(* Let $n\ge2$, $p\in(1,2)\cup(2,\infty)$. Let $\Omega\subset\mathbb{R}^n$ be a domain, $T>0$, $u$ a viscosity solution of $u_t-\Delta u-(p-2)\frac{\langle D^2uDu,Du\rangle}{|Du|^2}=0$ in $\Omega\times(0,T)$, $U\Subset\Omega$ a smooth domain, $U_T=U\times(0,T)$, $\varepsilon\in(0,1]$, and let $u^\varepsilon\in C^0(\overline{U_T})\cap C^\infty(U_T)$ be the viscosity solution of $u^\varepsilon_t-\Delta u^\varepsilon-(p-2)\frac{\langle D^2u^\varepsilon Du^\varepsilon,Du^\varepsilon\rangle}{|Du^\varepsilon|^2+\varepsilon}=0$ in $U_T$ with $u^\varepsilon=u$ on the parabolic boundary of $U_T$. Let $Q_{2r}=(s-4r^2,s)\times B(z,2r)\Subset U_T$ and $\phi\in C_c^\infty(B(z,2r)\times(s-4r^2,s+4r^2))$. Then for any $\eta\in(0,1)$, $$\frac{\varepsilon}{2}\int_{Q_{2r}}\frac{(\Delta u^\varepsilon)^2-|D^2u^\varepsilon|^2}{|Du^\varepsilon|^2+\varepsilon}\phi^2\,dx\,dt\le\frac{1}{4(p-1)}\int_{Q_{2r}}(u^\varepsilon_t)^2\phi^2\,dx\,dt+\eta\int_{Q_{2r}}|D^2u^\varepsilon|^2\phi^2\,dx\,dt+C(\eta)\,\varepsilon\int_{Q_{2r}}|D\phi|^2\,dx\,dt,$$ where $C(\eta)$ depends only on $\eta$ (and $n$).
   Context: $D$, $D^2$ denote spatial derivatives. *)

theory Defs
  imports "HOL-Analysis.Analysis"
begin

definition ddir :: "'a::real_normed_vector \<Rightarrow> ('a \<Rightarrow> real) \<Rightarrow> 'a \<Rightarrow> real" where
  "ddir v f y = deriv (\<lambda>h. f (y + h *\<^sub>R v)) 0"

fun iter_ddir :: "'a::real_normed_vector list \<Rightarrow> ('a \<Rightarrow> real) \<Rightarrow> 'a \<Rightarrow> real" where
  "iter_ddir [] f = f"
| "iter_ddir (v # vs) f = ddir v (iter_ddir vs f)"

definition Ck_on :: "nat \<Rightarrow> 'a::real_normed_vector set \<Rightarrow> ('a \<Rightarrow> real) \<Rightarrow> bool" where
  "Ck_on k S f \<longleftrightarrow>
     (\<forall>vs. length vs \<le> k \<longrightarrow>
        continuous_on S (iter_ddir vs f) \<and>
        (length vs < k \<longrightarrow>
           (\<forall>y\<in>S. \<forall>v. (\<lambda>h. iter_ddir vs f (y + h *\<^sub>R v)) field_differentiable (at 0))))"

definition smooth_on :: "'a::real_normed_vector set \<Rightarrow> ('a \<Rightarrow> real) \<Rightarrow> bool" where
  "smooth_on S f \<longleftrightarrow> (\<forall>k. Ck_on k S f)"

definition Dx :: "'n::finite \<Rightarrow> ((real^'n) \<times> real \<Rightarrow> real) \<Rightarrow> (real^'n) \<times> real \<Rightarrow> real" where
  "Dx i f = ddir (axis i 1, 0) f"

definition Dt :: "((real^'n::finite) \<times> real \<Rightarrow> real) \<Rightarrow> (real^'n) \<times> real \<Rightarrow> real" where
  "Dt f = ddir (0, 1) f"

definition grad_x :: "((real^'n::finite) \<times> real \<Rightarrow> real) \<Rightarrow> (real^'n) \<times> real \<Rightarrow> real^'n" where
  "grad_x f y = (\<chi> i. Dx i f y)"

definition hess_x :: "((real^'n::finite) \<times> real \<Rightarrow> real) \<Rightarrow> (real^'n) \<times> real \<Rightarrow> real^'n^'n" where
  "hess_x f y = (\<chi> i j. Dx i (Dx j f) y)"

definition lap_x :: "((real^'n::finite) \<times> real \<Rightarrow> real) \<Rightarrow> (real^'n) \<times> real \<Rightarrow> real" where
  "lap_x f y = trace (hess_x f y)"

definition mat_norm_sq :: "real^'n::finite^'n \<Rightarrow> real" where
  "mat_norm_sq X = (\<Sum>i\<in>UNIV. \<Sum>j\<in>UNIV. (X $ i $ j)^2)"

text \<open>Crandall-Ishii-Lions definition: subsolutions are tested with the lower
  semicontinuous envelope F_lo, supersolutions with the upper one F_hi, using C^2 test
  functions touching from above / below at a point of the open set D.\<close>
definition visc_subsol ::
  "(real^'n::finite \<Rightarrow> real^'n^'n \<Rightarrow> real) \<Rightarrow> ((real^'n) \<times> real) set \<Rightarrow> ((real^'n) \<times> real \<Rightarrow> real) \<Rightarrow> bool" where
  "visc_subsol F D u \<longleftrightarrow>
     (\<forall>\<phi> y. Ck_on 2 D \<phi> \<and> y \<in> D \<and>
        (\<exists>\<delta>>0. \<forall>y'\<in>D \<inter> ball y \<delta>. u y' - \<phi> y' \<le> u y - \<phi> y)
        \<longrightarrow> Dt \<phi> y + F (grad_x \<phi> y) (hess_x \<phi> y) \<le> 0)"

definition visc_supersol ::
  "(real^'n::finite \<Rightarrow> real^'n^'n \<Rightarrow> real) \<Rightarrow> ((real^'n) \<times> real) set \<Rightarrow> ((real^'n) \<times> real \<Rightarrow> real) \<Rightarrow> bool" where
  "visc_supersol F D u \<longleftrightarrow>
     (\<forall>\<phi> y. Ck_on 2 D \<phi> \<and> y \<in> D \<and>
        (\<exists>\<delta>>0. \<forall>y'\<in>D \<inter> ball y \<delta>. u y' - \<phi> y' \<ge> u y - \<phi> y)
        \<longrightarrow> Dt \<phi> y + F (grad_x \<phi> y) (hess_x \<phi> y) \<ge> 0)"

definition visc_sol ::
  "(real^'n::finite \<Rightarrow> real^'n^'n \<Rightarrow> real) \<Rightarrow> (real^'n \<Rightarrow> real^'n^'n \<Rightarrow> real)
     \<Rightarrow> ((real^'n) \<times> real) set \<Rightarrow> ((real^'n) \<times> real \<Rightarrow> real) \<Rightarrow> bool" where
  "visc_sol F_lo F_hi D u \<longleftrightarrow>
     continuous_on D u \<and> visc_subsol F_lo D u \<and> visc_supersol F_hi D u"

text \<open>F(q,X) = -tr X - (p-2) <X q, q>/|q|^2 (q /= 0), with its semicontinuous envelopes at q = 0.\<close>
definition pF_lo :: "real \<Rightarrow> real^'n::finite \<Rightarrow> real^'n^'n \<Rightarrow> real" where
  "pF_lo p q X =
     (if q \<noteq> 0 then - trace X - (p - 2) * ((X *v q) \<bullet> q) / (norm q)^2
      else Inf ((\<lambda>e. - trace X - (p - 2) * ((X *v e) \<bullet> e)) ` sphere 0 1))"

definition pF_hi :: "real \<Rightarrow> real^'n::finite \<Rightarrow> real^'n^'n \<Rightarrow> real" where
  "pF_hi p q X =
     (if q \<noteq> 0 then - trace X - (p - 2) * ((X *v q) \<bullet> q) / (norm q)^2
      else Sup ((\<lambda>e. - trace X - (p - 2) * ((X *v e) \<bullet> e)) ` sphere 0 1))"

definition pF_eps :: "real \<Rightarrow> real \<Rightarrow> real^'n::finite \<Rightarrow> real^'n^'n \<Rightarrow> real" where
  "pF_eps p \<epsilon> q X = - trace X - (p - 2) * ((X *v q) \<bullet> q) / ((norm q)^2 + \<epsilon>)"

definition smooth_domain :: "(real^'n::finite) set \<Rightarrow> bool" where
  "smooth_domain U \<longleftrightarrow> open U \<and> connected U \<and> U \<noteq> {} \<and> bounded U \<and>
     (\<exists>\<rho>. smooth_on UNIV \<rho> \<and> U = {x. \<rho> x < 0} \<and>
          (\<forall>x. \<rho> x = 0 \<longrightarrow> (\<chi> i. ddir (axis i 1) \<rho> x) \<noteq> 0))"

---

EXERCISE DETAILS: Above is a listing; print exactly its lines from the one with "continuous_on S (iter_ddir" through the one with "f = ddir (axis", and no other lines.

FINISHED EXERCISE:
        continuous_on S (iter_ddir vs f) \<and>
        (length vs < k \<longrightarrow>
           (\<forall>y\<in>S. \<forall>v. (\<lambda>h. iter_ddir vs f (y + h *\<^sub>R v)) field_differentiable (at 0))))"

definition smooth_on :: "'a::real_normed_vector set \<Rightarrow> ('a \<Rightarrow> real) \<Rightarrow> bool" where
  "smooth_on S f \<longleftrightarrow> (\<forall>k. Ck_on k S f)"

definition Dx :: "'n::finite \<Rightarrow> ((real^'n) \<times> real \<Rightarrow> real) \<Rightarrow> (real^'n) \<times> real \<Rightarrow> real" where
  "Dx i f = ddir (axis i 1, 0) f"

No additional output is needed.